> **To do**
Within the entries below, find the portion that opens with the line containing "OPT Ps \<epsilon> (empty_cups \<epsilon> E (fill S (snd" and closes with the line containing "then obtain p\<^sub>0". Retype that portion exactly and only.

[Collected data]

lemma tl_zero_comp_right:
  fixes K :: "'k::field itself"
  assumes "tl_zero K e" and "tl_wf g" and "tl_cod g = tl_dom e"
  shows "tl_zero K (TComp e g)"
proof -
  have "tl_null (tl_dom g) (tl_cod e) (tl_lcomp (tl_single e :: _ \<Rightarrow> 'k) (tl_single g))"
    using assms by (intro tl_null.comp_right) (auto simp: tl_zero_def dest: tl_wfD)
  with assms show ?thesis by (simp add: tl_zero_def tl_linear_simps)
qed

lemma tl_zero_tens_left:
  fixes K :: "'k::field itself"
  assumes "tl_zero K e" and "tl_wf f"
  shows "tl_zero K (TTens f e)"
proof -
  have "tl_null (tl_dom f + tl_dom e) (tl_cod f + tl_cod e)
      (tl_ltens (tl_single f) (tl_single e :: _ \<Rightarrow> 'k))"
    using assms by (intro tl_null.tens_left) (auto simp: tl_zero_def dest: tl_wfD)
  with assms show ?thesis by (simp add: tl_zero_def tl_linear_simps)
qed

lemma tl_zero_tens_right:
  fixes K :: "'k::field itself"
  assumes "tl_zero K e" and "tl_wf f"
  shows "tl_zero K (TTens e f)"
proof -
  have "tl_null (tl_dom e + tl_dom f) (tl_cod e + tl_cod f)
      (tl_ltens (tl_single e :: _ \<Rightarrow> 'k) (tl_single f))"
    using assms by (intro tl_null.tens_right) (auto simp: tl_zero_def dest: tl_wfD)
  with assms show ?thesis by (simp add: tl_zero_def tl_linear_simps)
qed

...

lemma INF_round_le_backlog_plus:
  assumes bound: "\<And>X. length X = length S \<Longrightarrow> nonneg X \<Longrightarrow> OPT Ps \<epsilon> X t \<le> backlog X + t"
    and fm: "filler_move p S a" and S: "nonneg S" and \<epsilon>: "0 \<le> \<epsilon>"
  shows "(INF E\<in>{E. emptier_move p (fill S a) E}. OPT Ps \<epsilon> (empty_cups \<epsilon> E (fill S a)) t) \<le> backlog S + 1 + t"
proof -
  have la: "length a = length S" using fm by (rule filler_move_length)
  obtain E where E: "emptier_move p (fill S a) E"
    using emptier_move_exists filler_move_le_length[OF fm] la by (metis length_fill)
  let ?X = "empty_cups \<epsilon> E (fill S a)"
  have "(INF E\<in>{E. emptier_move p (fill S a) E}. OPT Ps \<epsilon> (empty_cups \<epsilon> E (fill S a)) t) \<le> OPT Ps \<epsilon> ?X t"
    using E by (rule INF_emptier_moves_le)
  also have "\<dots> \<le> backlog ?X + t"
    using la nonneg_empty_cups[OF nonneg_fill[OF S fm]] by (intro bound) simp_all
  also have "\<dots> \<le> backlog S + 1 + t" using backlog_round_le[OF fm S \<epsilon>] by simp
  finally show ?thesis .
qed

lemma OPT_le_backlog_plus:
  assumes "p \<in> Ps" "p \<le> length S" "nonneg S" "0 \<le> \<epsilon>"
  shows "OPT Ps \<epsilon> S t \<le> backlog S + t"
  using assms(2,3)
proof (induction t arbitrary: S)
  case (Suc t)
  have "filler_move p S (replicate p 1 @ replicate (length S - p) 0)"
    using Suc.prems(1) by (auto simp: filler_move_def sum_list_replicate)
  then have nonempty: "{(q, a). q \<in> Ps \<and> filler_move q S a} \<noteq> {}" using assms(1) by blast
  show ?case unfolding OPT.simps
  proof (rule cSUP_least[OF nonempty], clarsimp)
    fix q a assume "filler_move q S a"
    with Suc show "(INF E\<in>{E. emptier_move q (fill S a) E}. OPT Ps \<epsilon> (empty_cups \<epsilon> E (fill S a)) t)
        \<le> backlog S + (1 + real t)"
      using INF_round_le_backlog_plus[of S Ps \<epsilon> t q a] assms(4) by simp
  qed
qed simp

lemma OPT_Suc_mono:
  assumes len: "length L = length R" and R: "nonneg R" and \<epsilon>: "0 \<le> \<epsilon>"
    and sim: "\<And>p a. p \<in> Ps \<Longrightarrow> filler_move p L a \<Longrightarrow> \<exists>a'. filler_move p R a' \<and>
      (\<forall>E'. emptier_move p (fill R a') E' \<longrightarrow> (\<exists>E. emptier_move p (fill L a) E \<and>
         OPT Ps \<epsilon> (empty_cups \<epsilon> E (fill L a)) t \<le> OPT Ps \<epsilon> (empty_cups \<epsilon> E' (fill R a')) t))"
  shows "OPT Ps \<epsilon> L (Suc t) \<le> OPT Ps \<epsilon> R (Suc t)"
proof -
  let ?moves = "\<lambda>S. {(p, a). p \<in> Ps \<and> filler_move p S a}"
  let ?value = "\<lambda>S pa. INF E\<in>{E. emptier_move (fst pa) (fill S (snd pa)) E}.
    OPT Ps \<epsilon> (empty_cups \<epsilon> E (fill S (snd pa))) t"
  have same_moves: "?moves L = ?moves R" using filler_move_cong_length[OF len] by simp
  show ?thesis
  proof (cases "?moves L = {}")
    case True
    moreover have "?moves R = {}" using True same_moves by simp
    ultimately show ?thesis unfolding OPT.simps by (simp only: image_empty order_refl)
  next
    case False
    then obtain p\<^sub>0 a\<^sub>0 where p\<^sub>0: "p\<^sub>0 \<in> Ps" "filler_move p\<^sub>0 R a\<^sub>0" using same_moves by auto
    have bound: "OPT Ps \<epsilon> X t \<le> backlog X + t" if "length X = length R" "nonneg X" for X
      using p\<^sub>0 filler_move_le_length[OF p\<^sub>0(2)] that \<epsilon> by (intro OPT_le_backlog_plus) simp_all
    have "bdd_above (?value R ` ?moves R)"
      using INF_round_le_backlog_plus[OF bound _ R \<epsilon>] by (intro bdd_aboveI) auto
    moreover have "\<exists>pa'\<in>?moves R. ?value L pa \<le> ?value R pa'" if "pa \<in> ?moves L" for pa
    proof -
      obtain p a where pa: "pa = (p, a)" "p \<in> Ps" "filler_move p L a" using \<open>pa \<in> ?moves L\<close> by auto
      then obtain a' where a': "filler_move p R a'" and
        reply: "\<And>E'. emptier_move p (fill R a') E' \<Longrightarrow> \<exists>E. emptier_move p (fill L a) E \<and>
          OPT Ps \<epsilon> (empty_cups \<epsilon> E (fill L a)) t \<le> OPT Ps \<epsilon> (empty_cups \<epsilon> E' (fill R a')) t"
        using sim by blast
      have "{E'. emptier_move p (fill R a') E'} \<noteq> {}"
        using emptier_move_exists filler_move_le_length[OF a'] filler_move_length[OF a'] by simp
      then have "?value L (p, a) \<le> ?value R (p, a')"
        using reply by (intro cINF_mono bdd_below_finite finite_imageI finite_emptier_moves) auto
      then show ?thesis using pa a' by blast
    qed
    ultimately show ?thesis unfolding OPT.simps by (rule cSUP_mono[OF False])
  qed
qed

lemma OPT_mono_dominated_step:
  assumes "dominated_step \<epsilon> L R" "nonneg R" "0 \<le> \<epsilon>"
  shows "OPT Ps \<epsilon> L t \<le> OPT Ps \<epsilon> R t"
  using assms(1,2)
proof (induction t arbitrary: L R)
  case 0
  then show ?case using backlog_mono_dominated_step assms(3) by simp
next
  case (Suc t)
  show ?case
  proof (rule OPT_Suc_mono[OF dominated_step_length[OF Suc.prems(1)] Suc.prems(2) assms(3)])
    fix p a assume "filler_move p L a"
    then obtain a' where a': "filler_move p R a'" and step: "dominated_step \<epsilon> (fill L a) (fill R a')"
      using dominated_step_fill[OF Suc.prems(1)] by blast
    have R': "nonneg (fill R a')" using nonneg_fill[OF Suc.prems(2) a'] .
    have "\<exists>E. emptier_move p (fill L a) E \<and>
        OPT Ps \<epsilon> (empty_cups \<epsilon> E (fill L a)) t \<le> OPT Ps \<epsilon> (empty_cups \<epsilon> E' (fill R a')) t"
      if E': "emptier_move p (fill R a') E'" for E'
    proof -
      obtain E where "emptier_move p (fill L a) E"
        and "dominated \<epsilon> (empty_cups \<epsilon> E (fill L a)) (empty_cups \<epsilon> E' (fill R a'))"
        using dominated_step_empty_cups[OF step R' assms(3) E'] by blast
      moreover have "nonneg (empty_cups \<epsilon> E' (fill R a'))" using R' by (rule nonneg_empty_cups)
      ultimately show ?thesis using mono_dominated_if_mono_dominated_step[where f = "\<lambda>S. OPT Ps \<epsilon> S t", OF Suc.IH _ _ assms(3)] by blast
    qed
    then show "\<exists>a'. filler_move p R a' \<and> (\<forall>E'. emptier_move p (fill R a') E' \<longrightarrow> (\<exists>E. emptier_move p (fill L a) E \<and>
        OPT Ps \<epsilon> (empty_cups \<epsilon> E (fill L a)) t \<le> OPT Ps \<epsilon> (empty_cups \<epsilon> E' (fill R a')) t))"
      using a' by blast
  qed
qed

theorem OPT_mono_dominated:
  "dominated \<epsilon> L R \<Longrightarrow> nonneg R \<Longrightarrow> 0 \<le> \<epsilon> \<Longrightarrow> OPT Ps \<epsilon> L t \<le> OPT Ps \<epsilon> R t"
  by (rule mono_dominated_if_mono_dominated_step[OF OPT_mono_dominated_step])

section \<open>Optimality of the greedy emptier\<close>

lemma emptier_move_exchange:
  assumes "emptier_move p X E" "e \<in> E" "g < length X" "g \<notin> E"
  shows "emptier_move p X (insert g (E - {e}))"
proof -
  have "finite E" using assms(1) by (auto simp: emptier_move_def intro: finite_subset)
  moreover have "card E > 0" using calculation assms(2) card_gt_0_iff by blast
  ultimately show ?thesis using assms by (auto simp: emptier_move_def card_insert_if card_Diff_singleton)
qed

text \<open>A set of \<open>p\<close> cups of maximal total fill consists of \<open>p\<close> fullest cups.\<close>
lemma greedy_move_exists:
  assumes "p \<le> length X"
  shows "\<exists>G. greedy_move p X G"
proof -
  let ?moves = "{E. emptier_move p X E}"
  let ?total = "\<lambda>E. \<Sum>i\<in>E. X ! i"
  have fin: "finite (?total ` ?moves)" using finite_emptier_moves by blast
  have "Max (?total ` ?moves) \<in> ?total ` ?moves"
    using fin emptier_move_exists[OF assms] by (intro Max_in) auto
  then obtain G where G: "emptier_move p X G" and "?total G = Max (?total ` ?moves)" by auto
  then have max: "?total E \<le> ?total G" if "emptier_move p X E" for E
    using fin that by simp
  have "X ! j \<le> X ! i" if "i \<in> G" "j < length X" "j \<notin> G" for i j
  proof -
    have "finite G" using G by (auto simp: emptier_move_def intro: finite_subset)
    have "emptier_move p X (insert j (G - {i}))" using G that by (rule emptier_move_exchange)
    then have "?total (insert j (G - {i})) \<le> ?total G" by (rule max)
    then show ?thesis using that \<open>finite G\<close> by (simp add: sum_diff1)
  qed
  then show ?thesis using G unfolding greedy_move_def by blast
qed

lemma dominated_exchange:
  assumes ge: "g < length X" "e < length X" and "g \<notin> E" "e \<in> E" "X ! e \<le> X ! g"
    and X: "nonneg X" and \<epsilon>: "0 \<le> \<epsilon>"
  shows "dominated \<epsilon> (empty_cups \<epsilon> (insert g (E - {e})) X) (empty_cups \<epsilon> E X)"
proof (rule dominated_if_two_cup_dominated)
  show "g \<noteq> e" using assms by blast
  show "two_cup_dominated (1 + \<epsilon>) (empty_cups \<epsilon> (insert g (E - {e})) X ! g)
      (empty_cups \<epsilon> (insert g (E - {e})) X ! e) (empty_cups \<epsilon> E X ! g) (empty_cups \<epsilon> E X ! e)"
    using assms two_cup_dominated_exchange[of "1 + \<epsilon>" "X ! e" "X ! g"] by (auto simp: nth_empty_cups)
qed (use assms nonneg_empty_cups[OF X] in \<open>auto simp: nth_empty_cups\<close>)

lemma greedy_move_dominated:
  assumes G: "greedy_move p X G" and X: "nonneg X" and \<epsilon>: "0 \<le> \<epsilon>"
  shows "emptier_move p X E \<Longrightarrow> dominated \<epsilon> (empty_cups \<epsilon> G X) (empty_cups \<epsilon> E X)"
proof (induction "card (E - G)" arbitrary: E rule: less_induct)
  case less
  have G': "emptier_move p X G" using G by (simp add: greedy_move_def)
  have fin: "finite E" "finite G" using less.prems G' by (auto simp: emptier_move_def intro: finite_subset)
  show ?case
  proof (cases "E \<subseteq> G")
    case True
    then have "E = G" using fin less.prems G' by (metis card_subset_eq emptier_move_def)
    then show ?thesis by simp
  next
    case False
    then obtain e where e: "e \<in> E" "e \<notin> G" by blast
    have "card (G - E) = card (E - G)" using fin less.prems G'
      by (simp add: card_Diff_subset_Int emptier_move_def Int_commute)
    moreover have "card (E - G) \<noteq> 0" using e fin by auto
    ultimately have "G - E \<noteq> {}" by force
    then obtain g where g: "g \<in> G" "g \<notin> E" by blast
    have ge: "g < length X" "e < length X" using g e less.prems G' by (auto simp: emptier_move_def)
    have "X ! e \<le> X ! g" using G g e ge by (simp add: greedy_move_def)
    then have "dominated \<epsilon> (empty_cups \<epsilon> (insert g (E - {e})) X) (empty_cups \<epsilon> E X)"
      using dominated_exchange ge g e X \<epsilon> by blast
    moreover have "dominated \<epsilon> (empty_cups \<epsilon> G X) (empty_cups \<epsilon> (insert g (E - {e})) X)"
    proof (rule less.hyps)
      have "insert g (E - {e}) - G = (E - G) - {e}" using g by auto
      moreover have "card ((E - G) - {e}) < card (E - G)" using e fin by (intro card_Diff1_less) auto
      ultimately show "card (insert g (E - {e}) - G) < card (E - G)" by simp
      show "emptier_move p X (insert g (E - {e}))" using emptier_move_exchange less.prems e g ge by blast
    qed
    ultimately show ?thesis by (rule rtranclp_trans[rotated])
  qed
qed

> **Answer below**
    OPT Ps \<epsilon> (empty_cups \<epsilon> E (fill S (snd pa))) t"
  have same_moves: "?moves L = ?moves R" using filler_move_cong_length[OF len] by simp
  show ?thesis
  proof (cases "?moves L = {}")
    case True
    moreover have "?moves R = {}" using True same_moves by simp
    ultimately show ?thesis unfolding OPT.simps by (simp only: image_empty order_refl)
  next
    case False
    then obtain p\<^sub>0 a\<^sub>0 where p\<^sub>0: "p\<^sub>0 \<in> Ps" "filler_move p\<^sub>0 R a\<^sub>0" using same_moves by auto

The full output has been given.